See https://jenkins.softwareheritage.org/job/DLS/job/tests-on-diff/763/ for more details.

anlambert added inline comments.
swh/lister/nixguix/tests/data/guix-swh_sources.json
30–39

Only nix manifests have such fields no ?

I guess this one fails to be parsed due to the missing = char at the end of the base64 encoded hash.

You should move it to nixpkgs-swh_sources.json and maybe change the hash value to something
clearer about the fact it is invalid to decode.

swh/lister/nixguix/tests/data/guix-swh_sources.json
30–39

i've kept all the issues in this manifest (whether that's coming from nix or guix is not important since it's dealt with the same in the lister).
And i'd like to keep that way.

I've got 2 tests one nominal (using the nixpkgs manifest), another with "mostly noop" (be it error or not).
The fact that i used guix as this erratic one is completely unfortunate (as it did not represent the reality at all...).

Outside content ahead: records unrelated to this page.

lemma bij_betw_Suc_layer_triples:
  assumes "0 < g"
  shows "bij_betw (\<lambda>(N, A, B). (Suc N, A, B)) (layer_triples (g - 1))
    {(N, A, B) \<in> layer_triples g. N \<notin> A}"
proof (rule bij_betw_byWitness[where f' = drop_top])
  show "\<forall>t\<in>layer_triples (g - 1). drop_top (case t of (N, A, B) \<Rightarrow> (Suc N, A, B)) = t"
    using Suc_mem_layer_triples(2,3) by auto
  show "(\<lambda>(N, A, B). (Suc N, A, B)) ` layer_triples (g - 1) \<subseteq> {(N, A, B) \<in> layer_triples g. N \<notin> A}"
    using Suc_mem_layer_triples(1,2)[of _ _ _ "g - 1"] assms by auto
  have top: "0 < N" "A \<inter> {N} = {}" "B \<inter> {N} = {}"
    if "(N, A, B) \<in> layer_triples g" "N \<notin> A" for N A B
    using that layer_triples_top_pos[OF _ assms] layer_triplesD(4) by blast+
  then show "\<forall>t\<in>{(N, A, B) \<in> layer_triples g. N \<notin> A}.
      (case drop_top t of (N, A, B) \<Rightarrow> (Suc N, A, B)) = t"
    by auto
  show "drop_top ` {(N, A, B) \<in> layer_triples g. N \<notin> A} \<subseteq> layer_triples (g - 1)"
  proof (rule image_subsetI, clarify)
    fix N A B assume "(N, A, B) \<in> layer_triples g" "N \<notin> A"
    then show "drop_top (N, A, B) \<in> layer_triples (g - 1)"
      using drop_top_mem_layer_triples top by fastforce
  qed
qed

lemma bij_betw_Suc_insert_layer_triples:
  assumes "2 \<le> g"
  shows "bij_betw (\<lambda>(N, A, B). (Suc N, insert (Suc N) A, B)) (layer_triples (g - 2))
    {(N, A, B) \<in> layer_triples g. N \<in> A - B}"
proof (rule bij_betw_byWitness[where f' = drop_top])
  show "\<forall>t\<in>layer_triples (g - 2).
      drop_top (case t of (N, A, B) \<Rightarrow> (Suc N, insert (Suc N) A, B)) = t"
    using Suc_mem_layer_triples(2,3) by auto
  show "(\<lambda>(N, A, B). (Suc N, insert (Suc N) A, B)) ` layer_triples (g - 2)
      \<subseteq> {(N, A, B) \<in> layer_triples g. N \<in> A - B}"
    using Suc_insert_mem_layer_triples[of _ _ _ "g - 2"] Suc_mem_layer_triples(3) assms
    by (auto simp: numeral_2_eq_2 Suc_diff_Suc)
  have top: "0 < N" "A \<inter> {N} = {N}" "B \<inter> {N} = {}" "insert N (A - {N}) = A"
    if "(N, A, B) \<in> layer_triples g" "N \<in> A - B" for N A B
    using that layer_triplesD(3)[OF that(1)] by auto
  then show "\<forall>t\<in>{(N, A, B) \<in> layer_triples g. N \<in> A - B}.
      (case drop_top t of (N, A, B) \<Rightarrow> (Suc N, insert (Suc N) A, B)) = t"
    by auto
  show "drop_top ` {(N, A, B) \<in> layer_triples g. N \<in> A - B} \<subseteq> layer_triples (g - 2)"
  proof (rule image_subsetI, clarify)
    fix N A B assume "(N, A, B) \<in> layer_triples g" "N \<in> A" "N \<notin> B"
    then show "drop_top (N, A, B) \<in> layer_triples (g - 2)"
      using drop_top_mem_layer_triples top by (fastforce simp: numeral_2_eq_2)
  qed
qed

lemma card_top_in_B_le:
  "card {(N, A, B) \<in> layer_triples g. N \<in> B} \<le> card (layer_triples (g - 3))"
proof (rule card_inj_on_le[OF _ _ finite_layer_triples])
  have top: "0 < N" "N \<in> A" "A \<inter> {N} = {N}" "B \<inter> {N} = {N}"
    if "(N, A, B) \<in> layer_triples g" "N \<in> B" for N A B
    using that layer_triplesD(3,4)[OF that(1)] by auto
  show "inj_on drop_top {(N, A, B) \<in> layer_triples g. N \<in> B}"
  proof (rule inj_onI, clarify)
    fix N A B N' A' B'
    assume "drop_top (N, A, B) = drop_top (N', A', B')"
      and t: "(N, A, B) \<in> layer_triples g" "N \<in> B" "(N', A', B') \<in> layer_triples g" "N' \<in> B'"
    then have "N - 1 = N' - 1" "A - {N} = A' - {N'}" "B - {N} = B' - {N'}" by simp_all
    moreover have "0 < N" "0 < N'" "N \<in> A" "N' \<in> A'" using top t by blast+
    ultimately have "N = N'" by simp
    then show "N = N' \<and> (A, B) = (A', B')"
      using \<open>A - {N} = A' - {N'}\<close> \<open>B - {N} = B' - {N'}\<close> \<open>N \<in> A\<close> \<open>N' \<in> A'\<close> t(2,4)
      by (metis insert_Diff)
  qed
  show "drop_top ` {(N, A, B) \<in> layer_triples g. N \<in> B} \<subseteq> layer_triples (g - 3)"
  proof (rule image_subsetI, clarify)
    fix N A B assume "(N, A, B) \<in> layer_triples g" "N \<in> B"
    with top have "drop_top (N, A, B) \<in> layer_triples (g - 1 - 1 - 1)"
      using drop_top_mem_layer_triples by fastforce
    then show "drop_top (N, A, B) \<in> layer_triples (g - 3)" by (simp add: numeral_3_eq_3)
  qed
qed

lemma card_layer_triples_split:
  "card (layer_triples g) = card {(N, A, B) \<in> layer_triples g. N \<notin> A}
    + card {(N, A, B) \<in> layer_triples g. N \<in> A - B} + card {(N, A, B) \<in> layer_triples g. N \<in> B}"
proof -
  let ?P1 = "{(N, A, B) \<in> layer_triples g. N \<notin> A}"
  let ?P2 = "{(N, A, B) \<in> layer_triples g. N \<in> A - B}"
  let ?P3 = "{(N, A, B) \<in> layer_triples g. N \<in> B}"
  have fin: "finite {(N, A, B) \<in> layer_triples g. P N A B}" for P
    using finite_layer_triples by (rule finite_subset[rotated]) auto
  have "layer_triples g = ?P1 \<union> ?P2 \<union> ?P3"
    by (auto dest: layer_triplesD(4))
  also have "card \<dots> = card (?P1 \<union> ?P2) + card ?P3"
    by (rule card_Un_disjoint) (use fin in \<open>auto dest: layer_triplesD(4)\<close>)
  also have "card (?P1 \<union> ?P2) = card ?P1 + card ?P2"
    by (rule card_Un_disjoint) (use fin in auto)
  finally show ?thesis .
qed

theorem mainTheorem1:
  fixes g :: nat
  assumes "g \<ge> 3"
  shows "n_depth3 (g - 1) + n_depth3 (g - 2) \<le> n_depth3 g \<and>
         n_depth3 g \<le> n_depth3 (g - 1) + n_depth3 (g - 2) + n_depth3 (g - 3)"
proof -
  have "n_depth3 (g - 1) = card {(N, A, B) \<in> layer_triples g. N \<notin> A}"
    using bij_betw_same_card[OF bij_betw_Suc_layer_triples] assms
    by (simp add: n_depth3_eq_card_layer_triples)
  moreover have "n_depth3 (g - 2) = card {(N, A, B) \<in> layer_triples g. N \<in> A - B}"
    using bij_betw_same_card[OF bij_betw_Suc_insert_layer_triples] assms
    by (simp add: n_depth3_eq_card_layer_triples)
  moreover have "card {(N, A, B) \<in> layer_triples g. N \<in> B} \<le> n_depth3 (g - 3)"
    using card_top_in_B_le by (simp add: n_depth3_eq_card_layer_triples)
  ultimately show ?thesis
    using card_layer_triples_split[of g] by (simp add: n_depth3_eq_card_layer_triples)
qed

end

swh/lister/nixguix/tests/data/guix-swh_sources.json
30–39

Ack, maybe you could rename the data file to clearly indicate it contains data with issues in it ?

This revision is now accepted and ready to land.Oct 5 2022, 4:36 PM
swh/lister/nixguix/tests/data/guix-swh_sources.json
30–39

yeah, sounds like a plan (for another diff), thanks for the idea.

ardumont added inline comments.
swh/lister/nixguix/tests/data/guix-swh_sources.json
30–39

In there D8632